La Real Orquesta Sinfónica de Sevilla (ROSS) vuelve a mirar el calendario con intención. El Concierto del Día de la Mujer no será un gesto simbólico más, sino una cita concreta dentro de su Ciclo de Cámara: el octavo concierto de la temporada, programado para el 1 de marzo de 2026, a las 12.00 horas, en el Espacio Turina. La propuesta llega con un título explícito —Cámara 08: Día de la Mujer— y con una idea que se entiende a la primera: poner en primer plano a las músicas que sostienen la vida artística de la orquesta desde dentro.
El formato elegido también es una declaración. No es una gran sinfonía con toda la plantilla, sino música de cámara, el lugar donde la excelencia se ve de cerca. Donde cada respiración cuenta, donde el sonido no se esconde y donde la complicidad es casi una obligación. En ese contexto, el Concierto del Día de la Mujer se apoya en una agrupación formada por siete profesoras de la ROSS, siete intérpretes que, según subraya la propia orquesta, encarnan el papel esencial de la mujer en su vida musical.
Las siete profesoras de la ROSS que protagonizan el Concierto del Día de la Mujer
El elenco del Concierto del Día de la Mujer está compuesto por siete músicas de perfiles distintos, reunidas en una formación poco habitual por su riqueza de timbres. En las cuerdas, estarán las violinistas Alexa Farré Brandkamp y Uta Kerner, la violista Helena Torralba Porras y la violonchelista Luiza Nancu Chivulescu. A ese núcleo se suman la oboísta Sarah Roper, la trompetista Nuria Leyva Muñoz y la pianista Tatiana Postnikova.

La selección no funciona como una lista de nombres, sino como un mapa de colores sonoros. Dos violines, viola y violonchelo construyen el tejido. El oboe se cuela como voz narrativa, capaz de cantar y de tensar. La trompeta aporta brillo y carácter, y el piano da estructura, pulso y armonía. El Concierto del Día de la Mujer se articula, así, como un escaparate de virtuosismo discreto: el que se demuestra tocando, no anunciándolo.
Un programa con firma femenina: tres compositoras de los siglos XX y XXI
La ROSS ha planteado el Concierto del Día de la Mujer como una doble reivindicación: visibilizar el talento de sus profesoras y, además, celebrar la creación musical escrita por mujeres. El programa reúne tres obras de compositoras de los siglos XX y XXI, lo que permite trazar un arco entre tradición moderna y lenguaje contemporáneo.
La primera pieza es el Quinteto para oboe y cuerda de Elizabeth Maconchy, una compositora británica asociada a un estilo intenso y de arquitectura sólida. La música de Maconchy no busca el adorno: tiende a la claridad estructural y a un dramatismo contenido que exige precisión y escucha interna. En un concierto de cámara, esa exigencia se vuelve aún más evidente, porque cada línea se percibe sin filtros.
A continuación sonará Carrot Revolution, para cuarteto de cuerda, de Gabriella Smith, una obra que introduce una energía distinta: más rítmica, más vibrante, con una escritura que mira al presente y dialoga con imaginarios de la naturaleza y con la actualidad sonora. Dentro del Concierto del Día de la Mujer, esta pieza actúa como cambio de temperatura: del nervio estructural a una contemporaneidad más física y luminosa.
El programa se completa con el Sexteto para oboe, trompeta, violín, viola, violonchelo y piano de Grace Williams, una partitura que destaca por su riqueza tímbrica y su carácter expansivo. La instrumentación, poco frecuente, es parte del atractivo: obliga a pensar la música como mezcla de colores y equilibrios. Lirismo y brillantez conviven aquí en una formación que, cuando funciona, suena a laboratorio sonoro.
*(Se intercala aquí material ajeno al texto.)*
(* Let $p$ be a prime and $A_*$ a graded commutative algebra over $\mathbb F_p$. Then $D_1(G_p(A_* ))=\Gamma_1(G_p(A_* ))\subset G_p^{(0.5)}(A_* )$, and for every positive integer $k$, $$D_{k+1}(G_p(A_* ))\subset G_p^{(2k)}(A_* ),\qquad \Gamma_{k+1}(G_p(A_* ))\subset G_p^{(k+0.5)}(A_* ).$$
   Context: Graded commutative means $ab=(-1)^{\deg a\deg b}ba$. If $p=2$, $G_2(A_* )$ is the set of power series $\alpha(X)=\sum_{i\ge0}\alpha_iX^{2^i}\in A_*[[X]]$ ($X$ of degree $-1$) with $\alpha_i\in A_{2^i-1}$ and $\alpha_0=1$; in this case put $\epsilon=0$. If $p$ is odd, let $\epsilon$ have degree $-1$ with $\epsilon^2=0$, $X$ degree $-2$, and $G_p(A_* )$ is the set of $\alpha(X)=\sum_{i\ge0}\alpha_iX^{p^i}\in (A_*\otimes_{\mathbb F_p}\mathbb F_p[\epsilon]/(\epsilon^2))[[X]]$ with $\alpha_i$ homogeneous of degree $2(p^i-1)$ and $\alpha_0-1\in(\epsilon)$. The group law is $\alpha(X)\cdot\beta(X)=\beta(\alpha(X))$, i.e. the coefficient of $X^{p^i}$ in $\alpha\cdot\beta$ is $\sum_{j=0}^i\alpha_{i-j}^{p^j}\beta_j$; the identity is $X$. For an integer $k\ge0$, $G_p^{(k)}(A_* )$ is the subgroup of elements of the form $X+\sum_{i\ge k+1}\alpha_iX^{p^i}$, and $G_p^{(k+0.5)}(A_* )$ is the subgroup of elements of the form $X+\sum_{i\ge k+1}\alpha_iX^{p^i}$ with $\alpha_{k+1}\in(\epsilon)$. For a group $G$, $D_0(G)=\Gamma_0(G)=G$, $D_{k+1}(G)=[D_k(G),D_k(G)]$ and $\Gamma_{k+1}(G)=[\Gamma_k(G),G]$, where $[H,K]$ is the subgroup generated by commutators. *)

theory Defs
  imports "HOL-Algebra.Algebra"
begin

text \<open>A (Z-)graded commutative algebra over F_p: a ring R (HOL-Algebra) with a grading
  A :: int => 'a set such that R is the internal direct sum of the additive subgroups A n,
  A m * A n is contained in A (m+n), the unit lies in A 0, multiplication is graded
  commutative (ab = (-1)^(deg a deg b) ba), and p * 1 = 0 (so R is an F_p-algebra,
  p prime; such an algebra structure is unique).\<close>

definition graded_comm_algebra ::
  "nat \<Rightarrow> ('a, 'b) ring_scheme \<Rightarrow> (int \<Rightarrow> 'a set) \<Rightarrow> bool" where
  "graded_comm_algebra p R A \<longleftrightarrow>
     ring R
   \<and> (\<forall>n. additive_subgroup (A n) R)
   \<and> (\<forall>x \<in> carrier R. \<exists>I f. finite I \<and> (\<forall>n\<in>I. f n \<in> A n) \<and> x = (\<Oplus>\<^bsub>R\<^esub> n\<in>I. f n))
   \<and> (\<forall>I f. finite I \<and> (\<forall>n\<in>I. f n \<in> A n) \<and> (\<Oplus>\<^bsub>R\<^esub> n\<in>I. f n) = \<zero>\<^bsub>R\<^esub>
          \<longrightarrow> (\<forall>n\<in>I. f n = \<zero>\<^bsub>R\<^esub>))
   \<and> \<one>\<^bsub>R\<^esub> \<in> A 0
   \<and> (\<forall>m n a b. a \<in> A m \<and> b \<in> A n \<longrightarrow> a \<otimes>\<^bsub>R\<^esub> b \<in> A (m + n))
   \<and> (\<forall>m n a b. a \<in> A m \<and> b \<in> A n \<longrightarrow>
        a \<otimes>\<^bsub>R\<^esub> b = (if even (m * n) then b \<otimes>\<^bsub>R\<^esub> a else \<ominus>\<^bsub>R\<^esub> (b \<otimes>\<^bsub>R\<^esub> a)))
   \<and> add_pow R p \<one>\<^bsub>R\<^esub> = \<zero>\<^bsub>R\<^esub>"

text \<open>An element a + eps b of A_* (x) F_p[eps]/(eps^2) is represented by the pair (a, b).
  For p = 2 we have eps = 0, so only pairs (a, 0) occur.  All coefficients alpha_i have
  even degree (for p odd), so the product in A_* (x) F_p[eps]/(eps^2) of two such elements is
  (a + eps b)(c + eps d) = ac + eps (ad + bc) (no Koszul signs occur).\<close>

definition eps_mult :: "('a, 'b) ring_scheme \<Rightarrow> 'a \<times> 'a \<Rightarrow> 'a \<times> 'a \<Rightarrow> 'a \<times> 'a" where
  "eps_mult R x y = (fst x \<otimes>\<^bsub>R\<^esub> fst y, fst x \<otimes>\<^bsub>R\<^esub> snd y \<oplus>\<^bsub>R\<^esub> snd x \<otimes>\<^bsub>R\<^esub> fst y)"

definition eps_pow :: "('a, 'b) ring_scheme \<Rightarrow> 'a \<times> 'a \<Rightarrow> nat \<Rightarrow> 'a \<times> 'a" where
  "eps_pow R x n = (eps_mult R x ^^ n) (\<one>\<^bsub>R\<^esub>, \<zero>\<^bsub>R\<^esub>)"

text \<open>Degree of the coefficient alpha_i (the coefficient of X^(p^i)).\<close>
definition coeff_deg :: "nat \<Rightarrow> nat \<Rightarrow> int" where
  "coeff_deg p i = (if p = 2 then int (2 ^ i) - 1 else 2 * (int (p ^ i) - 1))"

text \<open>alpha = (alpha_i)_i, alpha_i = a_i + eps b_i with a_i homogeneous of degree coeff_deg p i
  and eps b_i of the same degree (eps has degree -1, so b_i has degree coeff_deg p i + 1);
  alpha_0 - 1 in (eps), i.e. a_0 = 1.  For p = 2, eps = 0, i.e. b_i = 0.\<close>
definition Gp_carrier :: "nat \<Rightarrow> ('a, 'b) ring_scheme \<Rightarrow> (int \<Rightarrow> 'a set) \<Rightarrow> (nat \<Rightarrow> 'a \<times> 'a) set" where
  "Gp_carrier p R A = {\<alpha>.
      (\<forall>i. fst (\<alpha> i) \<in> A (coeff_deg p i))
    \<and> (\<forall>i. snd (\<alpha> i) \<in> (if p = 2 then {\<zero>\<^bsub>R\<^esub>} else A (coeff_deg p i + 1)))
    \<and> fst (\<alpha> 0) = \<one>\<^bsub>R\<^esub>}"

text \<open>Group law: coefficient i of alpha * beta = beta(alpha(X)) is
  sum_{j=0..i} alpha_{i-j}^(p^j) beta_j.\<close>
definition Gp_mult :: "nat \<Rightarrow> ('a, 'b) ring_scheme \<Rightarrow> (nat \<Rightarrow> 'a \<times> 'a) \<Rightarrow> (nat \<Rightarrow> 'a \<times> 'a) \<Rightarrow> (nat \<Rightarrow> 'a \<times> 'a)" where
  "Gp_mult p R \<alpha> \<beta> = (\<lambda>i.
     ((\<Oplus>\<^bsub>R\<^esub> j\<in>{..i}. fst (eps_mult R (eps_pow R (\<alpha> (i - j)) (p ^ j)) (\<beta> j))),
      (\<Oplus>\<^bsub>R\<^esub> j\<in>{..i}. snd (eps_mult R (eps_pow R (\<alpha> (i - j)) (p ^ j)) (\<beta> j)))))"

definition Gp :: "nat \<Rightarrow> ('a, 'b) ring_scheme \<Rightarrow> (int \<Rightarrow> 'a set) \<Rightarrow> (nat \<Rightarrow> 'a \<times> 'a) monoid" where
  "Gp p R A = \<lparr> carrier = Gp_carrier p R A,
                monoid.mult = Gp_mult p R,
                monoid.one = (\<lambda>i. if i = 0 then (\<one>\<^bsub>R\<^esub>, \<zero>\<^bsub>R\<^esub>) else (\<zero>\<^bsub>R\<^esub>, \<zero>\<^bsub>R\<^esub>)) \<rparr>"

text \<open>G_p^(k): elements X + sum_{i >= k+1} alpha_i X^(p^i).\<close>
definition Gp_filt :: "nat \<Rightarrow> ('a, 'b) ring_scheme \<Rightarrow> (int \<Rightarrow> 'a set) \<Rightarrow> nat \<Rightarrow> (nat \<Rightarrow> 'a \<times> 'a) set" where
  "Gp_filt p R A k = {\<alpha> \<in> Gp_carrier p R A.
      \<alpha> 0 = (\<one>\<^bsub>R\<^esub>, \<zero>\<^bsub>R\<^esub>) \<and> (\<forall>i. 1 \<le> i \<and> i \<le> k \<longrightarrow> \<alpha> i = (\<zero>\<^bsub>R\<^esub>, \<zero>\<^bsub>R\<^esub>))}"

text \<open>G_p^(k+0.5): elements of G_p^(k) with alpha_(k+1) in (eps).\<close>
definition Gp_filt_half :: "nat \<Rightarrow> ('a, 'b) ring_scheme \<Rightarrow> (int \<Rightarrow> 'a set) \<Rightarrow> nat \<Rightarrow> (nat \<Rightarrow> 'a \<times> 'a) set" where
  "Gp_filt_half p R A k = {\<alpha> \<in> Gp_filt p R A k. fst (\<alpha> (Suc k)) = \<zero>\<^bsub>R\<^esub>}"

definition derived_series :: "('a, 'b) monoid_scheme \<Rightarrow> nat \<Rightarrow> 'a set" where
  "derived_series G k = (derived G ^^ k) (carrier G)"

text \<open>Gamma_0(G) = G, Gamma_(k+1)(G) = [Gamma_k(G), G].\<close>
definition comm_subgroup :: "('a, 'b) monoid_scheme \<Rightarrow> 'a set \<Rightarrow> 'a set \<Rightarrow> 'a set" where
  "comm_subgroup G H K = generate G
     (\<Union>h \<in> H. \<Union>k \<in> K. {h \<otimes>\<^bsub>G\<^esub> k \<otimes>\<^bsub>G\<^esub> inv\<^bsub>G\<^esub> h \<otimes>\<^bsub>G\<^esub> inv\<^bsub>G\<^esub> k})"

definition lower_central :: "('a, 'b) monoid_scheme \<Rightarrow> nat \<Rightarrow> 'a set" where
  "lower_central G k = ((\<lambda>H. comm_subgroup G H (carrier G)) ^^ k) (carrier G)"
Por qué este Concierto del Día de la Mujer importa dentro de la ROSS
La orquesta enmarca este Concierto del Día de la Mujer como una reafirmación de su compromiso con la igualdad y con la visibilización del talento femenino. Pero, más allá del enunciado, la fuerza está en la forma: el protagonismo no se delega. Lo asumen sus propias profesoras, que sostienen el día a día artístico de la ROSS y que aquí se sitúan en el centro del escenario, sin intermediarios.
También hay algo significativo en la elección del repertorio: tres compositoras, tres lenguajes, tres épocas cercanas. El mensaje no es “hubo mujeres”, sino “hay música de mujeres que merece estar aquí, ahora, y con esta seriedad”. Y eso, en la cultura, es una diferencia grande.

En un momento en el que la conversación sobre representación suele quedarse en el titular, el Concierto del Día de la Mujer propone otra cosa: una experiencia. Un concierto de mediodía, en un espacio que favorece la cercanía, con un programa pensado para escuchar con atención y salir con la sensación de haber descubierto algo.